Some notes on what those virtues might be pop up in fragments in her interviews. Scott Galloway suggests that “Real men protect other people.” Reeves’ recipe is similar, if a lot blander: “proactiveness, agency, risk-taking and courage, but with a pro-social cast.”

Distinctive characteristics

Some of the young men Emba spoke to could also describe characteristics they admired, but thought these would be mis-represented:

Physical strength came up frequently, as did a desire for personal mastery. They cited adventurousness, leadership, problem-solving, dignity and sexual drive. None of these are negative traits, but many men I spoke with felt that these archetypes were unfairly stigmatized: Men were too assertive, too boisterous, too horny.

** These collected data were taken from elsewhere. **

(* Let $0<\alpha<1$, $T>0$, $N\ge1$, and let $\beta_0,\beta_1,\dots,\beta_N>0$ and $\tau_1,\dots,\tau_N>0$. Let $f:[0,T]\to\mathbb{R}$ with $f\in W^{3,\infty}(0,T)$. Divide $[0,T]$ into $N_T$ equal steps of size $\Delta_t=T/N_T$ with $t_n=n\Delta_t$ and $f^n=f(t_n)$. Define the Caputo derivative $$D_t^\alpha f=\frac{1}{\Gamma(1-\alpha)}\int_0^t\frac{f'(s)}{(t-s)^\alpha}\,ds,$$ for $k=1,\dots,N$ let $q_k(t)=\int_0^t\beta_k\exp[(s-t)/\tau_k]f'(s)\,ds$, define $q_k^0=q_k(0)$ and $q_k^n=e_k^2q_k^{n-1}+e_k\beta_k(f^n-f^{n-1})$ for $n\ge1$ with $e_k=\exp[-\Delta_t/(2\tau_k)]$, and set $$\hat{\mathrm D}_n^\alpha f=\frac{\beta_0}{\Delta_t}(f^n-f^{n-1})+\sum_{k=1}^N q_k^n.$$ Let $$\varepsilon(z)=\frac{z^{1-\alpha}}{\Gamma(2-\alpha)}-\beta_0+\sum_{k=1}^N\beta_k\tau_k\big(\exp(-z/\tau_k)-1\big),\qquad z\in[0,T].$$ Then for any $t_n\in\{t_1,\dots,t_{N_T}\}$ $$\big|\hat{\mathrm D}_n^\alpha f-D_{t_n}^\alpha f\big|\le\|\varepsilon\|_{L^\infty(0,T)}\Big[|f'(0)|+\|f''\|_{L^1(0,T)}\Big]+\Delta_t\big(\beta_0/2+C(\boldsymbol\beta,\boldsymbol\tau)\Delta_t\big)\|f\|_{W^{3,\infty}(0,T)},$$ where $C(\boldsymbol\beta,\boldsymbol\tau)>0$ is a constant depending on the chosen $\beta_k,\tau_k$, $k=1,\dots,N$.
   Context: $\Gamma$ is the Gamma function. $W^{3,\infty}(0,T)$ is the Sobolev space of functions whose derivatives up to order $3$ are essentially bounded, with norm $\|f\|_{W^{3,\infty}(0,T)}$ controlling the $L^\infty$ norms of $f,f',f'',f'''$; $\|\cdot\|_{L^\infty(0,T)}$, $\|\cdot\|_{L^1(0,T)}$ are the usual norms. $\boldsymbol\beta=(\beta_1,\dots,\beta_N)$, $\boldsymbol\tau=(\tau_1,\dots,\tau_N)$. *)

theory Defs
  imports "HOL-Analysis.Analysis"
begin

text \<open>Sup norm on [0,T] (for continuous functions this is the L-infinity norm;
  for the third derivative, quantifying over all representatives makes it the essential sup).\<close>
definition Linf_norm :: "real \<Rightarrow> (real \<Rightarrow> real) \<Rightarrow> real" where
  "Linf_norm T g = (SUP x\<in>{0..T}. \<bar>g x\<bar>)"

definition L1_norm :: "real \<Rightarrow> (real \<Rightarrow> real) \<Rightarrow> real" where
  "L1_norm T g = integral {0..T} (\<lambda>s. \<bar>g s\<bar>)"
lemma mm_in_arr [simp]: "is_monad C M \<Longrightarrow> f \<in> arr C \<Longrightarrow> mm M f \<in> arr C"
  and dom_mm [simp]: "is_monad C M \<Longrightarrow> f \<in> arr C \<Longrightarrow> dom C (mm M f) = mo M (dom C f)"
  and cod_mm [simp]: "is_monad C M \<Longrightarrow> f \<in> arr C \<Longrightarrow> cod C (mm M f) = mo M (cod C f)"
  unfolding is_monad_def is_endofunctor_def hom_def by blast+

lemma mm_idm [simp]: "is_monad C M \<Longrightarrow> A \<in> obj C \<Longrightarrow> mm M (idm C A) = idm C (mo M A)"
  unfolding is_monad_def is_endofunctor_def by blast

lemma mm_comp [simp]:
  "is_monad C M \<Longrightarrow> f \<in> arr C \<Longrightarrow> g \<in> arr C \<Longrightarrow> cod C f = dom C g \<Longrightarrow> mm M (g \<cdot> f) = mm M g \<cdot> mm M f"
  unfolding is_monad_def is_endofunctor_def by blast

lemma mm_comp_eq:
  assumes M: "is_monad C M" and eq: "a \<cdot> b = c \<cdot> d"
    and "a \<in> arr C" "b \<in> arr C" "c \<in> arr C" "d \<in> arr C" "cod C b = dom C a" "cod C d = dom C c"
  shows "mm M a \<cdot> mm M b = mm M c \<cdot> mm M d"
  using mm_comp[OF M, of b a] mm_comp[OF M, of d c] assms(3-) by (simp add: eq)

lemma unit_in_arr [simp]: "is_monad C M \<Longrightarrow> A \<in> obj C \<Longrightarrow> unit M A \<in> arr C"
  and dom_unit [simp]: "is_monad C M \<Longrightarrow> A \<in> obj C \<Longrightarrow> dom C (unit M A) = A"
  and cod_unit [simp]: "is_monad C M \<Longrightarrow> A \<in> obj C \<Longrightarrow> cod C (unit M A) = mo M A"
  unfolding is_monad_def is_nat_trans_def hom_def by blast+

lemma mult_in_arr [simp]: "is_monad C M \<Longrightarrow> A \<in> obj C \<Longrightarrow> mult M A \<in> arr C"
  and dom_mult [simp]: "is_monad C M \<Longrightarrow> A \<in> obj C \<Longrightarrow> dom C (mult M A) = mo M (mo M A)"
  and cod_mult [simp]: "is_monad C M \<Longrightarrow> A \<in> obj C \<Longrightarrow> cod C (mult M A) = mo M A"
  unfolding is_monad_def is_nat_trans_def hom_def by blast+

lemma unit_natural:
  "is_monad C M \<Longrightarrow> f \<in> arr C \<Longrightarrow> unit M (cod C f) \<cdot> f = mm M f \<cdot> unit M (dom C f)"
  unfolding is_monad_def is_nat_trans_def by blast

lemma mult_natural:
  "is_monad C M \<Longrightarrow> f \<in> arr C \<Longrightarrow> mult M (cod C f) \<cdot> mm M (mm M f) = mm M f \<cdot> mult M (dom C f)"
  unfolding is_monad_def is_nat_trans_def by blast

lemma mult_mm_unit [simp]: "is_monad C M \<Longrightarrow> A \<in> obj C \<Longrightarrow> mult M A \<cdot> mm M (unit M A) = idm C (mo M A)"
  and mult_unit_mo [simp]: "is_monad C M \<Longrightarrow> A \<in> obj C \<Longrightarrow> mult M A \<cdot> unit M (mo M A) = idm C (mo M A)"
  and mult_assoc: "is_monad C M \<Longrightarrow> A \<in> obj C \<Longrightarrow> mult M A \<cdot> mm M (mult M A) = mult M A \<cdot> mult M (mo M A)"
  unfolding is_monad_def by blast+

lemma mult_unit_mo_comp [simp]:
  "is_monad C M \<Longrightarrow> A \<in> obj C \<Longrightarrow> h \<in> arr C \<Longrightarrow> cod C h = mo M A \<Longrightarrow>
   mult M A \<cdot> (unit M (mo M A) \<cdot> h) = h"
  by (simp flip: comp_assoc)

lemma mult_assoc_comp:
  "is_monad C M \<Longrightarrow> A \<in> obj C \<Longrightarrow> h \<in> arr C \<Longrightarrow> cod C h = mo M (mo M (mo M A)) \<Longrightarrow>
   mult M A \<cdot> (mm M (mult M A) \<cdot> h) = mult M A \<cdot> (mult M (mo M A) \<cdot> h)"
  by (rule comp_eq_extend[OF mult_assoc]) auto

lemma mult_natural_comp:
  "is_monad C M \<Longrightarrow> f \<in> arr C \<Longrightarrow> cod C f = B \<Longrightarrow> h \<in> arr C \<Longrightarrow> cod C h = mo M (mo M (dom C f)) \<Longrightarrow>
   mult M B \<cdot> (mm M (mm M f) \<cdot> h) = mm M f \<cdot> (mult M (dom C f) \<cdot> h)"
  using mult_natural[of M f] by (intro comp_eq_extend) auto

lemma mmor_in_arr [simp]: "is_monad_morphism C M T \<sigma> \<Longrightarrow> A \<in> obj C \<Longrightarrow> \<sigma> A \<in> arr C"
  and dom_mmor [simp]: "is_monad_morphism C M T \<sigma> \<Longrightarrow> A \<in> obj C \<Longrightarrow> dom C (\<sigma> A) = mo M A"
  and cod_mmor [simp]: "is_monad_morphism C M T \<sigma> \<Longrightarrow> A \<in> obj C \<Longrightarrow> cod C (\<sigma> A) = mo T A"
  unfolding is_monad_morphism_def is_nat_trans_def hom_def by blast+

lemma mmor_natural:
  "is_monad_morphism C M T \<sigma> \<Longrightarrow> f \<in> arr C \<Longrightarrow> \<sigma> (cod C f) \<cdot> mm M f = mm T f \<cdot> \<sigma> (dom C f)"
  unfolding is_monad_morphism_def is_nat_trans_def by blast

lemma mmor_unit [simp]: "is_monad_morphism C M T \<sigma> \<Longrightarrow> A \<in> obj C \<Longrightarrow> \<sigma> A \<cdot> unit M A = unit T A"
  unfolding is_monad_morphism_def by blast

lemma mmor_mult:
  "is_monad_morphism C M T \<sigma> \<Longrightarrow> A \<in> obj C \<Longrightarrow>
   \<sigma> A \<cdot> mult M A = mult T A \<cdot> (\<sigma> (mo T A) \<cdot> mm M (\<sigma> A))"
  unfolding is_monad_morphism_def by blast

lemma mmor_mult_comp:
  assumes "is_monad C M" "is_monad C T" "is_monad_morphism C M T \<sigma>" "A \<in> obj C"
    and "h \<in> arr C" "cod C h = mo M (mo M A)"
  shows "\<sigma> A \<cdot> (mult M A \<cdot> h) = mult T A \<cdot> (\<sigma> (mo T A) \<cdot> (mm M (\<sigma> A) \<cdot> h))"
  using comp_eq_extend[OF mmor_mult[OF assms(3,4)], of h] assms by simp

end

locale category_with_binary_coproducts = category C for C :: "('o,'m) category_data" +
  fixes K :: "('o,'m) coproduct_choice"
  assumes is_coproduct_choice: "is_coproduct_choice C K"
begin

lemma coproduct:
  "A \<in> obj C \<Longrightarrow> B \<in> obj C \<Longrightarrow> is_coproduct C A B (cp K A B) (cinl K A B) (cinr K A B)"
  using is_coproduct_choice unfolding is_coproduct_choice_def by blast

lemma cp_in_obj [simp]: "A \<in> obj C \<Longrightarrow> B \<in> obj C \<Longrightarrow> cp K A B \<in> obj C"
  using coproduct unfolding is_coproduct_def by blast

lemma cinl_in_arr [simp]: "A \<in> obj C \<Longrightarrow> B \<in> obj C \<Longrightarrow> cinl K A B \<in> arr C"
  and dom_cinl [simp]: "A \<in> obj C \<Longrightarrow> B \<in> obj C \<Longrightarrow> dom C (cinl K A B) = A"
  and cod_cinl [simp]: "A \<in> obj C \<Longrightarrow> B \<in> obj C \<Longrightarrow> cod C (cinl K A B) = cp K A B"
  and cinr_in_arr [simp]: "A \<in> obj C \<Longrightarrow> B \<in> obj C \<Longrightarrow> cinr K A B \<in> arr C"
  and dom_cinr [simp]: "A \<in> obj C \<Longrightarrow> B \<in> obj C \<Longrightarrow> dom C (cinr K A B) = B"
  and cod_cinr [simp]: "A \<in> obj C \<Longrightarrow> B \<in> obj C \<Longrightarrow> cod C (cinr K A B) = cp K A B"
  using coproduct unfolding is_coproduct_def hom_def by blast+

lemma copair_universal:
  assumes "f \<in> arr C" "g \<in> arr C" "cod C f = cod C g"
  shows "copair C K f g \<in> hom C (cp K (dom C f) (dom C g)) (cod C f)
      \<and> copair C K f g \<cdot> cinl K (dom C f) (dom C g) = f
      \<and> copair C K f g \<cdot> cinr K (dom C f) (dom C g) = g"
  unfolding copair_def
proof (rule theI')
  show "\<exists>!h. h \<in> hom C (cp K (dom C f) (dom C g)) (cod C f)
      \<and> h \<cdot> cinl K (dom C f) (dom C g) = f \<and> h \<cdot> cinr K (dom C f) (dom C g) = g"
    using coproduct[of "dom C f" "dom C g"] assms unfolding is_coproduct_def hom_def by auto
qed

lemma copair_in_arr [simp]:
    "f \<in> arr C \<Longrightarrow> g \<in> arr C \<Longrightarrow> cod C f = cod C g \<Longrightarrow> copair C K f g \<in> arr C"
  and dom_copair [simp]:
    "f \<in> arr C \<Longrightarrow> g \<in> arr C \<Longrightarrow> cod C f = cod C g \<Longrightarrow> dom C (copair C K f g) = cp K (dom C f) (dom C g)"
  and cod_copair [simp]:
    "f \<in> arr C \<Longrightarrow> g \<in> arr C \<Longrightarrow> cod C f = cod C g \<Longrightarrow> cod C (copair C K f g) = cod C f"
  using copair_universal unfolding hom_def by blast+

lemma copair_cinl [simp]:
    "f \<in> arr C \<Longrightarrow> g \<in> arr C \<Longrightarrow> cod C f = cod C g \<Longrightarrow> dom C f = A \<Longrightarrow> dom C g = B
     \<Longrightarrow> copair C K f g \<cdot> cinl K A B = f"
  and copair_cinr [simp]:
    "f \<in> arr C \<Longrightarrow> g \<in> arr C \<Longrightarrow> cod C f = cod C g \<Longrightarrow> dom C f = A \<Longrightarrow> dom C g = B
     \<Longrightarrow> copair C K f g \<cdot> cinr K A B = g"
  using copair_universal by blast+

lemma copair_cinl_comp [simp]:
    "f \<in> arr C \<Longrightarrow> g \<in> arr C \<Longrightarrow> cod C f = cod C g \<Longrightarrow> dom C f = A \<Longrightarrow> dom C g = B
     \<Longrightarrow> h \<in> arr C \<Longrightarrow> cod C h = A \<Longrightarrow> copair C K f g \<cdot> (cinl K A B \<cdot> h) = f \<cdot> h"
  and copair_cinr_comp [simp]:
    "f \<in> arr C \<Longrightarrow> g \<in> arr C \<Longrightarrow> cod C f = cod C g \<Longrightarrow> dom C f = A \<Longrightarrow> dom C g = B
     \<Longrightarrow> h \<in> arr C \<Longrightarrow> cod C h = B \<Longrightarrow> copair C K f g \<cdot> (cinr K A B \<cdot> h) = g \<cdot> h"
  by (auto simp flip: comp_assoc)
lemma pair_count_relabel:
  assumes "inj f" "inj g"
  shows "pair_count (g ` I) (\<lambda>j. f ` B (inv g j)) (f x) (f y) = pair_count I B x y"
proof -
  have "{j \<in> g ` I. f x \<in> f ` B (inv g j) \<and> f y \<in> f ` B (inv g j)} = g ` {i \<in> I. x \<in> B i \<and> y \<in> B i}"
    using assms by (auto simp: inj_image_mem_iff)
  then show ?thesis
    unfolding pair_count_def using card_image[OF inj_on_subset[OF assms(2)]] by simp
qed

lemma is_partial_BIBD_relabel:
  assumes "inj f" "inj g" "is_partial_BIBD Y w k l I B"
  shows "is_partial_BIBD (f ` Y) w k l (g ` I) (\<lambda>j. f ` B (inv g j))"
  using assms card_image[OF inj_on_subset[OF assms(1)]]
  by (auto simp: is_partial_BIBD_def pair_count_relabel image_mono)

lemma is_BIBD_relabel:
  assumes "inj f" "inj g" "is_BIBD X v k l I B"
  shows "is_BIBD (f ` X) v k l (g ` I) (\<lambda>j. f ` B (inv g j))"
  using assms card_image[OF inj_on_subset[OF assms(1)]]
  by (auto simp: is_BIBD_def pair_count_relabel image_mono)

lemma is_weak_nesting_relabel:
  assumes "inj f" "inj g" "is_weak_nesting Y w I B k l \<phi>"
  shows "is_weak_nesting (f ` Y) w (g ` I) (\<lambda>j. f ` B (inv g j)) k l (\<lambda>j. f (\<phi> (inv g j)))"
proof -
  have "is_partial_BIBD (f ` Y) w (k + 1) (l + 1) (g ` I) (\<lambda>j. f ` insert (\<phi> (inv g j)) (B (inv g j)))"
    using assms by (intro is_partial_BIBD_relabel) (auto simp: is_weak_nesting_def)
  then show ?thesis
    using assms by (auto simp: is_weak_nesting_def inj_image_mem_iff)
qed

lemma weak_nesting_on_nat:
  fixes X Y :: "'a::countable set" and I :: "'i::countable set"
  assumes "is_BIBD X v k l I B" "X \<subseteq> Y" "finite Y" "is_weak_nesting Y (card Y) I B k l \<phi>"
  shows "\<exists>(X' :: nat set) (Y' :: nat set) (I' :: nat set) (B' :: nat \<Rightarrow> nat set) (\<phi>' :: nat \<Rightarrow> nat).
           is_BIBD X' v k l I' B' \<and> X' \<subseteq> Y' \<and> finite Y' \<and> card Y' = card Y \<and>
           is_weak_nesting Y' (card Y) I' B' k l \<phi>'"
proof (intro exI conjI)
  show "is_BIBD (to_nat ` X) v k l (to_nat ` I) (\<lambda>j. to_nat ` B (inv to_nat j))"
    using inj_to_nat inj_to_nat assms(1) by (rule is_BIBD_relabel)
  show "is_weak_nesting (to_nat ` Y) (card Y) (to_nat ` I) (\<lambda>j. to_nat ` B (inv to_nat j)) k l
      (\<lambda>j. to_nat (\<phi> (inv to_nat j)))"
    using inj_to_nat inj_to_nat assms(4) by (rule is_weak_nesting_relabel)
  show "to_nat ` X \<subseteq> to_nat ` Y"
    using assms(2) by (rule image_mono)
  show "finite (to_nat ` Y)"
    using assms(3) by simp
  show "card (to_nat ` Y) = card Y"
    using inj_on_subset[OF inj_to_nat subset_UNIV] by (rule card_image)
qed

section \<open>Residues modulo m and modulo 3\<close>

lemma mod_add_eq_imp_diff_mod: "a mod n = (b + c) mod n \<Longrightarrow> (a - c) mod n = (b::int) mod n"
  by (metis add_diff_cancel_right' mod_diff_left_eq)

lemma add_mod_eq_self_iff: "(x + d) mod m = x mod m \<longleftrightarrow> d mod m = (0::int)"
  by (simp add: mod_eq_dvd_iff dvd_eq_mod_eq_0)

lemma mod_eq_solve:
  fixes x c a n :: int
  assumes "0 \<le> x" "x < n"
  shows "(x + c) mod n = a mod n \<longleftrightarrow> x = (a - c) mod n"
proof
  assume "(x + c) mod n = a mod n"
  then have "(a - c) mod n = x mod n"
    by (metis mod_add_eq_imp_diff_mod)
  with assms show "x = (a - c) mod n" by simp
next
  assume "x = (a - c) mod n"
  then show "(x + c) mod n = a mod n"
    by (simp add: mod_simps)
qed

lemma mod_eq_window:
  fixes m u v :: int
  assumes "u mod m = v mod m" "\<bar>u - v\<bar> < 2 * m"
  shows "u = v \<or> u = v + m \<or> v = u + m"
proof -
  obtain q where q: "u - v = m * q"
    using assms(1) mod_eq_dvd_iff[of u m v] by (auto elim: dvdE)
  have "m > 0" using assms(2) by linarith
  with q assms(2) have "\<bar>q\<bar> < 2"
    by (metis abs_mult abs_of_pos mult_less_cancel_left_pos mult.commute)
  then have "q = 0 \<or> q = 1 \<or> q = -1" by linarith
  with q show ?thesis by auto
qed
lemma isolating_triangulation_left_right:
  assumes "r < a" "b \<le> l" "l < c" "(r, l) \<noteq> (0, c - 1)" "(r, l) \<noteq> (a - 1, b)"
  shows "\<exists>T. triangulation {0..<n} T \<and> T \<inter> B_M \<subseteq> {(r, l)}"
proof -
  obtain T1 where T1: "triangulation {r..l} T1" "T1 \<inter> B_M = {}"
    using inner_triangulation_avoiding_B_M assms by blast
  obtain T2 where T2: "triangulation ({0..r} \<union> {l..<n}) T2" "T2 \<inter> B_M = {}"
    using outer_triangulation_avoiding_B_M assms by blast
  have "(r, l) \<in> diagonals {0..<n}"
    by (rule diagonalsI[where k = a and k' = "n - 1"]) (use assms sizes in auto)
  then have "triangulation {0..<n} (insert (r, l) (T1 \<union> T2))"
    using T1(1) T2(1) by (rule triangulation_glue_polygon)
  then show ?thesis using T1(2) T2(2) by blast
qed

lemma isolating_triangulation_bottom_top:
  assumes "a \<le> x" "x < b" "c \<le> t" "t < n"
  shows "\<exists>T. triangulation {0..<n} T \<and> T \<inter> B_M \<subseteq> {(x, t)}"
  by (rule triangulation_two_fans_avoiding[where u = "b + 1" and v = 1])
    (use assms sizes in \<open>auto dest!: B_M_shape intro!: diagonalsI[where k = b and k' = 0]\<close>)

lemma isolating_triangulation_top:
  assumes "e \<in> B_T"
  shows "\<exists>T. triangulation {0..<n} T \<and> T \<inter> B_M \<subseteq> {e}"
proof -
  obtain T' where T': "triangulation ({0..0} \<union> {c - 1..<n}) T'" "T' \<inter> B_T \<subseteq> {e}"
    using saturated_top assms by (auto simp: saturated_blocker_iff)
  obtain T1 where T1: "triangulation {0..c - 1} T1" "T1 \<inter> B_M = {}"
    using inner_triangulation_avoiding_B_M[of 0 "c - 1"] sizes by (auto simp: le_diff_conv2)
  have "(0, c - 1) \<in> diagonals {0..<n}"
    by (rule diagonalsI[where k = 1 and k' = "n - 1"]) (use sizes in auto)
  then have "triangulation {0..<n} (insert (0, c - 1) (T1 \<union> T'))"
    using T1(1) T'(1) by (rule triangulation_glue_polygon)
  moreover have "(0, c - 1) \<notin> B_M" using sizes by (auto dest!: B_M_shape)
  moreover have "T' \<inter> B_M \<subseteq> {e}"
    using T' B_M_inter_top triangulation_subset_diagonals by blast
  ultimately show ?thesis using T1(2) by blast
qed

lemma isolating_triangulation_bottom:
  assumes "e \<in> B_B"
  shows "\<exists>T. triangulation {0..<n} T \<and> T \<inter> B_M \<subseteq> {e}"
proof -
  obtain T' where T': "triangulation {a - 1..b} T'" "T' \<inter> B_B \<subseteq> {e}"
    using saturated_bottom assms by (auto simp: saturated_blocker_iff)
  obtain T2 where T2: "triangulation ({0..a - 1} \<union> {b..<n}) T2" "T2 \<inter> B_M = {}"
    using outer_triangulation_avoiding_B_M[of "a - 1" b] sizes by auto
  have "(a - 1, b) \<in> diagonals {0..<n}"
    by (rule diagonalsI[where k = a and k' = 0]) (use sizes in auto)
  then have "triangulation {0..<n} (insert (a - 1, b) (T' \<union> T2))"
    using T'(1) T2(1) by (rule triangulation_glue_polygon)
  moreover have "(a - 1, b) \<notin> B_M" using sizes by (auto dest!: B_M_shape)
  moreover have "T' \<inter> B_M \<subseteq> {e}"
    using T' B_M_inter_bottom triangulation_subset_diagonals by blast
  ultimately show ?thesis using T2(2) by blast
qed

lemma saturated_B_M: "saturated_blocker {0..<n} B_M"
  unfolding saturated_blocker_iff
proof (intro conjI ballI)
  show "blocker {0..<n} B_M" by (rule blocker_B_M)
  fix e assume "e \<in> B_M"
  obtain x y where e: "e = (x, y)" by (cases e)
  have "e \<in> B_T \<or> e \<in> B_B \<or>
      x < a \<and> b \<le> y \<and> y < c \<and> (x, y) \<noteq> (0, c - 1) \<and> (x, y) \<noteq> (a - 1, b) \<or>
      a \<le> x \<and> x < b \<and> c \<le> y \<and> y < n"
    using \<open>e \<in> B_M\<close> e by (auto simp: B_M_def B_Q_def)
  then show "\<exists>T. triangulation {0..<n} T \<and> T \<inter> B_M \<subseteq> {e}"
    using e isolating_triangulation_top isolating_triangulation_bottom
      isolating_triangulation_left_right[of x y] isolating_triangulation_bottom_top[of x y] by blast
qed

lemma card_B_M: "card B_M = (n - c) * (b - a) + (c - b) * a + card B_T + card B_B - 2"
proof -
  have "finite B_T" "finite B_B"
    using saturated_top saturated_bottom finite_diagonals finite_subset
    by (auto simp: saturated_blocker_def blocker_def)
  have "B_Q = {0..<a} \<times> {b..<c} \<union> {a..<b} \<times> {c..<n}" by (auto simp: B_Q_def)
  then have "finite B_Q" and card_B_Q: "card B_Q = (n - c) * (b - a) + (c - b) * a"
    by (auto simp: card_cartesian_product intro!: card_Un_disjoint[THEN trans])
  have removed: "{(0, c - 1), (a - 1, b)} \<subseteq> B_Q" "card {(0, c - 1), (a - 1, b)} = 2"
    using sizes by (auto simp: B_Q_def)
  then have "2 \<le> card B_Q" using card_mono[OF \<open>finite B_Q\<close>] by metis
  have "card (B_Q - {(0, c - 1), (a - 1, b)}) = card B_Q - 2"
    using removed \<open>finite B_Q\<close> by (simp add: card_Diff_subset)
  moreover have "(B_Q - {(0, c - 1), (a - 1, b)}) \<inter> B_T = {}" "(B_Q \<union> B_T) \<inter> B_B = {}"
    using B_T_shape B_B_shape sizes by (fastforce simp: B_Q_def)+
  ultimately show ?thesis
    using \<open>finite B_T\<close> \<open>finite B_B\<close> \<open>finite B_Q\<close> \<open>2 \<le> card B_Q\<close> card_B_Q
    by (simp add: B_M_def card_Un_disjoint Int_Un_distrib2 Diff_Int_distrib2)
qed

end

theorem proposition3p2:
  fixes n a b c :: nat and B_T B_B :: "(nat \<times> nat) set"
  assumes "0 < a" "a < b" "b < c" "c < n - 1"
    and "card {b..<c} \<ge> 3" "card {0..<a} \<ge> 3" "card {c..<n} \<ge> 2" "card {a..<b} \<ge> 2"
    and "saturated_blocker ({c..<n} \<union> {0, c - 1}) B_T"
    and "saturated_blocker ({a..<b} \<union> {a - 1, b}) B_B"
  shows "let B_Q = {(r, l). r \<in> {0..<a} \<and> l \<in> {b..<c}} \<union> {(x, t). x \<in> {a..<b} \<and> t \<in> {c..<n}};
             B_M = (B_Q - {(0, c - 1), (a - 1, b)}) \<union> B_T \<union> B_B
         in saturated_blocker {0..<n} B_M \<and>
            card B_M = card {c..<n} * card {a..<b} + card {b..<c} * card {0..<a} + card B_T + card B_B - 2"
proof -
  interpret merged_blocker n a b c B_T B_B
    using assms by unfold_locales auto
  have "B_M = ({(r, l). r \<in> {0..<a} \<and> l \<in> {b..<c}} \<union> {(x, t). x \<in> {a..<b} \<and> t \<in> {c..<n}}
      - {(0, c - 1), (a - 1, b)}) \<union> B_T \<union> B_B"
    by (simp add: B_M_def B_Q_def)
  then show ?thesis
    unfolding Let_def using saturated_B_M card_B_M by simp
qed

end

These characteristics are shaped by biology, to some extent, or specifically by testosterone. Biology isn’t destiny, of course, but she suggests that a new model of masculinity will need to incorporate some of the distinctive characteristics of men. Emba again:

In my ideal, the mainstream could embrace a model that acknowledges male particularity and difference but doesn’t denigrate women to do so. It’s a vision of gender that’s not androgynous but still equal, and relies on character , not just biology. And it acknowledges that certain themes — protector, provider, even procreator — still resonate with many men and should be worked with, not against.

Trying to undermine patriarchy has left a gap that needs to be filled in a way that doesn’t try to re-instal patriarchal values. But it is going to be a slow process. Changes in social values take decades.

Footnote

[1] Andrew Tate gets too much airtime in these discussions, usually as evidence that his toxic version of masculinity is product of ‘too much feminism’. But Martha Gill looked at some of the international evidence for this and concluded that the more toxic versions are seen in countries where women have made less progress, not more.